[Source data]

(* Let $m\in\mathbb{N}^+$ and $p\in(1,p_S)$. Then $$|u^{(m)}_p(x)|\leq \frac{M^{(m)}_{0,p}}{\Big[1+\frac{(M^{(m)}_{0,p})^{p-1}}{N(N-2)}|x|^2\Big]^{\frac{N-2}{2}}}\qquad\text{for all }x\in B^{(m)}_{0,p}.$$
   Context: Standing setting: $N\geq3$, $B$ unit ball of $\mathbb{R}^N$ centered at $0$, $p_S=\frac{N+2}{N-2}$. $u^{(m)}_p$ is the unique radial solution of $-\Delta u=|u|^{p-1}u$ in $B$, $u=0$ on $\partial B$, with exactly $m$ nodal regions and $u^{(m)}_p(0)>0$. $r^{(m)}_{1,p}$ is its first nodal radius if $m\geq2$ and $r^{(m)}_{1,p}=1$ if $m=1$; $B^{(m)}_{0,p}=\{|x|<r^{(m)}_{1,p}\}$; $M^{(m)}_{0,p}=u^{(m)}_p(0)=\max_{B^{(m)}_{0,p}}|u^{(m)}_p|$. *)

theory Defs
  imports "HOL-Analysis.Analysis"
begin

definition C2_on :: "'a::euclidean_space set \<Rightarrow> ('a \<Rightarrow> real) \<Rightarrow> bool" where
  "C2_on S u \<longleftrightarrow> (\<exists>Du :: 'a \<Rightarrow> ('a \<Rightarrow>\<^sub>L real). \<exists>D2u :: 'a \<Rightarrow> ('a \<Rightarrow>\<^sub>L ('a \<Rightarrow>\<^sub>L real)).
      (\<forall>x\<in>S. (u has_derivative blinfun_apply (Du x)) (at x) \<and>
               (Du has_derivative blinfun_apply (D2u x)) (at x)) \<and>
      continuous_on S D2u)"

definition laplacian :: "('a::euclidean_space \<Rightarrow> real) \<Rightarrow> 'a \<Rightarrow> real" where
  "laplacian u x = (\<Sum>b\<in>Basis. deriv (\<lambda>t. deriv (\<lambda>s. u (x + s *\<^sub>R b)) t) 0)"

definition lane_emden_dirichlet_sol :: "real \<Rightarrow> ('a::euclidean_space \<Rightarrow> real) \<Rightarrow> bool" where
  "lane_emden_dirichlet_sol p u \<longleftrightarrow>
     C2_on (ball 0 1) u \<and> continuous_on (cball 0 1) u \<and>
     (\<forall>x\<in>ball 0 1. - laplacian u x = \<bar>u x\<bar> powr (p - 1) * u x) \<and>
     (\<forall>x\<in>sphere 0 1. u x = 0)"

definition radial_on :: "'a::real_normed_vector set \<Rightarrow> ('a \<Rightarrow> real) \<Rightarrow> bool" where
  "radial_on S u \<longleftrightarrow> (\<forall>x\<in>S. \<forall>y\<in>S. norm x = norm y \<longrightarrow> u x = u y)"

definition nodal_regions :: "('a::euclidean_space \<Rightarrow> real) \<Rightarrow> 'a set set" where
  "nodal_regions u = components {x \<in> ball 0 1. u x \<noteq> 0}"

text \<open>First nodal radius of a radial function (equals 1 if u has no zero in B).\<close>
definition first_nodal_radius :: "('a::euclidean_space \<Rightarrow> real) \<Rightarrow> real" where
  "first_nodal_radius u = Inf ({norm x | x. x \<in> ball 0 1 \<and> u x = 0} \<union> {1})"

end

theory Submission
  imports Defs
begin

text \<open>Along a coordinate ray the radial solution gives a profile \<open>v(r) = u(r e)\<close> with
  \<open>v'' + (N-1)/r v' = -v^p\<close>, \<open>v'(0) = 0\<close> and \<open>v > 0\<close> up to the first nodal radius.
  Then \<open>v' \<le> 0\<close>, and for subcritical \<open>p\<close> the Pohozaev function
  \<open>P = (N-2)/N r^N v^(p+1) + (N-2) r^(N-1) v v' + r^N v'^2\<close> increases from \<open>P(0) = 0\<close>.
  Nonnegativity of \<open>P\<close> makes \<open>w = -v' / (r v^(N/(N-2)))\<close> nondecreasing, so
  \<open>w \<ge> w(0+) = v(0)^(p - N/(N-2)) / N\<close>. Since \<open>(v^(-2/(N-2)))' = 2/(N-2) r w\<close>, integrating gives
  \<open>v(r)^(-2/(N-2)) \<ge> v(0)^(-2/(N-2)) (1 + v(0)^(p-1) r^2 / (N(N-2)))\<close>, which is the bound.\<close>

section \<open>The radial Lane-Emden ODE\<close>

locale radial_lane_emden_ode =
  fixes n :: nat and p R :: real and v v' v'' :: "real \<Rightarrow> real"
  assumes dim_ge_3: "n \<ge> 3"
    and has_deriv: "\<And>t. 0 \<le> t \<Longrightarrow> t < R \<Longrightarrow> (v has_real_derivative v' t) (at t)"
    and has_deriv': "\<And>t. 0 \<le> t \<Longrightarrow> t < R \<Longrightarrow> (v' has_real_derivative v'' t) (at t)"
    and deriv_at_0: "v' 0 = 0"
    and ode: "\<And>t. 0 < t \<Longrightarrow> t < R \<Longrightarrow> v'' t + (real n - 1) * v' t / t = - (v t powr p)"
    and positive: "\<And>t. 0 \<le> t \<Longrightarrow> t < R \<Longrightarrow> 0 < v t"
begin

lemma second_deriv_eq: "0 < t \<Longrightarrow> t < R \<Longrightarrow> v'' t = - (v t powr p) - (real n - 1) * v' t / t"
  using ode by (simp add: algebra_simps)

lemma power_dim_split: "x ^ (n - 1) = x ^ (n - 2) * x" "x ^ n = x ^ (n - 2) * x * x" for x :: real
proof -
  have "n = Suc (Suc (n - 2))" using dim_ge_3 by arith
  then show "x ^ (n - 1) = x ^ (n - 2) * x" "x ^ n = x ^ (n - 2) * x * x"
    by (metis diff_Suc_1 power_Suc2)+
qed

text \<open>The ODE reads \<open>(t^(n-1) v')' = -t^(n-1) v^p \<le> 0\<close>.\<close>
lemma deriv_nonpos:
  assumes t: "0 \<le> t" "t < R"
  shows "v' t \<le> 0"
proof -
  have "t ^ (n - 1) * v' t \<le> 0 ^ (n - 1) * v' 0"
  proof (rule DERIV_nonpos_imp_nonincreasing[OF t(1)])
    fix x assume x: "0 \<le> x" "x \<le> t"
    have "((\<lambda>x. x ^ (n - 1) * v' x) has_real_derivative
          real (n - 1) * x ^ (n - 2) * v' x + x ^ (n - 1) * v'' x) (at x)"
      using has_deriv'[of x] x t by (auto intro!: derivative_eq_intros simp: numeral_2_eq_2)
    moreover have "real (n - 1) * x ^ (n - 2) * v' x + x ^ (n - 1) * v'' x \<le> 0"
    proof (cases "x = 0")
      case True
      then show ?thesis using dim_ge_3 deriv_at_0 by (simp add: power_0_left)
    next
      case False
      with x t have "real (n - 1) * x ^ (n - 2) * v' x + x ^ (n - 1) * v'' x = - (x ^ (n - 1) * v x powr p)"
        using dim_ge_3 unfolding power_dim_split(1) by (simp add: second_deriv_eq of_nat_diff field_simps)
      then show ?thesis using x by simp
    qed
    ultimately show "\<exists>y. ((\<lambda>x. x ^ (n - 1) * v' x) has_real_derivative y) (at x) \<and> y \<le> 0"
      by blast
  qed
  then have nonpos: "t ^ (n - 1) * v' t \<le> 0"
    using deriv_at_0 by simp
  show ?thesis
  proof (cases "t = 0")
    case False
    with t have "0 < t ^ (n - 1)" by simp
    with nonpos show ?thesis by (simp add: mult_le_0_iff)
  qed (simp add: deriv_at_0)
qed

definition pohozaev :: "real \<Rightarrow> real" where
  "pohozaev t = (real n - 2) / real n * t ^ n * v t powr (p + 1)
     + (real n - 2) * t ^ (n - 1) * v t * v' t + t ^ n * (v' t)\<^sup>2"

text \<open>By the ODE the derivative of the Pohozaev function is \<open>(n + 2 - (n-2) p)/n t^n v^p (-v')\<close>,
  which is nonnegative exactly in the subcritical range.\<close>
lemma pohozaev_nonneg:
  assumes subcritical: "p < (real n + 2) / (real n - 2)" and t: "0 \<le> t" "t < R"
  shows "0 \<le> pohozaev t"
proof -
  have "pohozaev 0 \<le> pohozaev t"
  proof (rule DERIV_nonneg_imp_nondecreasing[OF t(1)])
    fix x assume x: "0 \<le> x" "x \<le> t"
    define N where "N = real n"
    have N3: "N \<ge> 3" using dim_ge_3 by (simp add: N_def)
    have vx: "v x > 0" using positive x t by simp
    have rn1: "real (n - Suc 0) = N - 1" using dim_ge_3 by (simp add: N_def of_nat_diff)
    define D where "D = (N - 2) / N * (N * x^(n - 1) * v x powr (p+1) + x^n * ((p+1) * v x powr p * v' x))
        + (N - 2) * ((N-1) * x^(n-2) * v x * v' x + x^(n-1) * v' x * v' x + x^(n-1) * v x * v'' x)
        + (N * x^(n-1) * (v' x)\<^sup>2 + x^n * (2 * v' x * v'' x))"
    have "(pohozaev has_real_derivative D) (at x)"
      unfolding pohozaev_def D_def using has_deriv[of x] has_deriv'[of x] x t vx dim_ge_3
      apply (intro derivative_eq_intros)
      apply (auto simp: rn1 N_def power2_eq_square numeral_2_eq_2)
      apply (simp add: field_simps)
      apply (simp add: algebra_simps)
      done
    moreover have "0 \<le> D"
    proof (cases "x = 0")
      case True then show ?thesis using dim_ge_3 by (simp add: D_def deriv_at_0 power_0_left)
    next
      case False
      then have xp: "x > 0" using x by simp
      have P: "v x powr (p+1) = v x powr p * v x" "v x powr (1+p) = v x powr p * v x"
        using vx by (simp_all add: powr_add)
      have v'': "v'' x = - (v x powr p) - (N - 1) * v' x / x"
        using second_deriv_eq xp x t by (simp add: N_def)
      have "D = (N + 2 - (N - 2) * p) / N * (x^n * v x powr p) * (- v' x)"
        using xp N3 unfolding D_def power_dim_split
        by (simp add: v'' P field_simps power2_eq_square)
      also have "\<dots> \<ge> 0"
      proof -
        have "(N - 2) * p < N + 2" using subcritical N3 by (simp add: N_def pos_less_divide_eq mult.commute)
        then have "(N + 2 - (N - 2) * p) / N \<ge> 0" using N3 by simp
        moreover have "- v' x \<ge> 0" using deriv_nonpos[of x] x t by simp
        moreover have "x^n * v x powr p \<ge> 0" using xp by simp
        ultimately show ?thesis by (metis mult_nonneg_nonneg)
      qed
      finally show ?thesis .
    qed
    ultimately show "\<exists>y. (pohozaev has_real_derivative y) (at x) \<and> 0 \<le> y" by blast
  qed
  moreover have "pohozaev 0 = 0" using dim_ge_3 by (simp add: pohozaev_def power_0_left)
  ultimately show ?thesis by simp
qed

• _What is needed_:
Copy the entries above exactly, but only from the line holding "then show ?thesis using x by simp" through the line holding "powr (p + 1)", both included.

• _Answer for this exercise_:
      then show ?thesis using x by simp
    qed
    ultimately show "\<exists>y. ((\<lambda>x. x ^ (n - 1) * v' x) has_real_derivative y) (at x) \<and> y \<le> 0"
      by blast
  qed
  then have nonpos: "t ^ (n - 1) * v' t \<le> 0"
    using deriv_at_0 by simp
  show ?thesis
  proof (cases "t = 0")
    case False
    with t have "0 < t ^ (n - 1)" by simp
    with nonpos show ?thesis by (simp add: mult_le_0_iff)
  qed (simp add: deriv_at_0)
qed

definition pohozaev :: "real \<Rightarrow> real" where
  "pohozaev t = (real n - 2) / real n * t ^ n * v t powr (p + 1)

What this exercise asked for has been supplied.